Instructor: Dongyeop Kang (DK)

Meeting time: Tuesday and Thursday, 04:00 PM to 05:15 PM
Location: Appleby Hall 3 (campus map)
Homepage: dykang.github.io/classes/csci8980/S26/index.html
Canvas: canvas.umn.edu/courses/553602
Slack: csci8980s26.slack.com

Assessment

Student learning is assessed based on how effectively students identify, define, and solve research problems in their chosen topic.

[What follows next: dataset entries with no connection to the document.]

definition minimal_SET :: "nat list \<Rightarrow> nat list \<Rightarrow> ((nat \<times> nat) \<Rightarrow> nat) set" where
  "minimal_SET \<alpha> \<beta> = {T \<in> SET \<alpha> \<beta>.
      \<not> (\<exists>T'\<in>SET \<alpha> \<beta>. T' \<noteq> T \<and> set_le \<alpha> \<beta> T' T)}"

(* S^col: fill 1..N along columns bottom to top, leftmost column first *)
definition S_col :: "nat list \<Rightarrow> nat list \<Rightarrow> (nat \<times> nat) \<Rightarrow> nat" where
  "S_col \<alpha> \<beta> x = (if x \<in> skew_cells \<alpha> \<beta>
     then card {y \<in> skew_cells \<alpha> \<beta>. snd y < snd x \<or> (snd y = snd x \<and> fst y \<le> fst x)}
     else 0)"

definition lobster_alpha :: "nat \<Rightarrow> nat \<Rightarrow> nat \<Rightarrow> nat list" where
  "lobster_alpha b c1 c2 = [b + 1 + c2, b + 1, b + 1 + c1]"

definition lobster_beta :: "nat \<Rightarrow> nat list" where
  "lobster_beta b = [b + 1, 1, b + 1]"

datatype letter = B | C

definition BC_words :: "nat \<Rightarrow> nat \<Rightarrow> letter list set" where
  "BC_words nb nc = {w. length (filter (\<lambda>x. x = B) w) = nb \<and> length (filter (\<lambda>x. x = C) w) = nc}"

end

theory Submission
  imports Defs "HOL-Library.Sublist" "HOL-Library.Multiset"
begin

text \<open>
  A standard filling is determined by its row word, which lists the rows of the entries
  1, ..., N. Conversely, a word containing each row r as often as row r has cells is the row word
  of a filling with increasing rows, and this filling is standard iff its columns increase. The
  operator pi_i acts on row words by exchanging the letters at positions i and i + 1 when the
  first is the larger one, so the minimal tableaux are those whose row word has no ascent that
  can be exchanged without leaving the set of standard row words.

  In the right lobster only rows 1 and 3 share columns, namely their first c = min c1 c2 cells,
  so column strictness says that every prefix of the row word contains at least as many letters 1
  as letters 3, the latter counted only up to c. If c > 0, a minimal word starts either with 2 or
  with 1 3, followed by a minimal word of the lobster with one cell fewer in the middle row, or
  one cell fewer in each outer row; if c = 0, the only minimal word is 3...3 2...2 1...1. Hence
  replacing B by 2 and C by 1 3 maps the words with b letters B and c letters C bijectively onto
  the minimal row words. The column-reading tableau has row word 2^b (1 3)^c followed by the
  leftover letters, the image of B^b C^c.
\<close>

section \<open>Occurrences and adjacent swaps in words\<close>

text \<open>Positions and occurrence numbers are counted from 0.\<close>

definition nth_occurrence :: "'a list \<Rightarrow> 'a \<Rightarrow> nat \<Rightarrow> nat \<Rightarrow> bool" where
  "nth_occurrence w r k p \<longleftrightarrow> p < length w \<and> w ! p = r \<and> count_list (take p w) r = k"

lemma count_list_take_mono:
  assumes "m \<le> n"
  shows "count_list (take m w) r \<le> count_list (take n w) r"
proof -
  have "take n w = take m w @ take (n - m) (drop m w)"
    using assms by (metis le_add_diff_inverse take_add)
  then show ?thesis by (metis count_list_append le_add1)
qed

lemma count_list_take_Suc:
  "p < length w \<Longrightarrow> count_list (take (Suc p) w) r = count_list (take p w) r + (if w ! p = r then 1 else 0)"
  by (simp add: take_Suc_conv_app_nth)

lemma nth_occurrence_less_iff:
  assumes "nth_occurrence w r k p"
  shows "p < m \<longleftrightarrow> k < count_list (take m w) r"
proof
  assume "p < m"
  then have "count_list (take (Suc p) w) r \<le> count_list (take m w) r"
    by (intro count_list_take_mono) simp
  then show "k < count_list (take m w) r"
    using assms count_list_take_Suc[of p w r] by (simp add: nth_occurrence_def)
next
  assume "k < count_list (take m w) r"
  show "p < m"
  proof (rule ccontr)
    assume "\<not> p < m"
    then have "count_list (take m w) r \<le> k"
      using assms count_list_take_mono[of m p w r] by (simp add: nth_occurrence_def)
    with \<open>k < count_list (take m w) r\<close> show False by simp
  qed
qed

lemma nth_occurrence_unique:
  "nth_occurrence w r k p \<Longrightarrow> nth_occurrence w r k q \<Longrightarrow> p = q"
  by (metis linorder_neqE_nat nth_occurrence_less_iff order.irrefl)

lemma nth_occurrence_exists:
  "k < count_list w r \<Longrightarrow> \<exists>p. nth_occurrence w r k p"
proof (induction w arbitrary: k)
  case Nil
  then show ?case by simp
next
  case (Cons x w)
  show ?case
  proof (cases "x = r \<and> k = 0")
    case True
    then have "nth_occurrence (x # w) r k 0" by (simp add: nth_occurrence_def)
    then show ?thesis ..
  next
    case False
    then have "(if x = r then k - 1 else k) < count_list w r" using Cons.prems by (auto split: if_splits)
    then obtain p where "nth_occurrence w r (if x = r then k - 1 else k) p" using Cons.IH by blast
    then have "nth_occurrence (x # w) r k (Suc p)" using False by (auto simp: nth_occurrence_def)
    then show ?thesis ..
  qed
qed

  • Research Project (50%) originality, rigor, and clarity in identifying and addressing a novel research question
  • Topic Presentation (30%) analytical depth, synthesis of literature, and ability to communicate complex ideas effectively
  • Participation and Discussion (20%) quality of contributions to peer learning and critical engagement with readings

Participation and Discussion

Participation is evaluated based on the quality of contributions to seminar discussion and critical engagement with readings. Lecture recordings support class participation.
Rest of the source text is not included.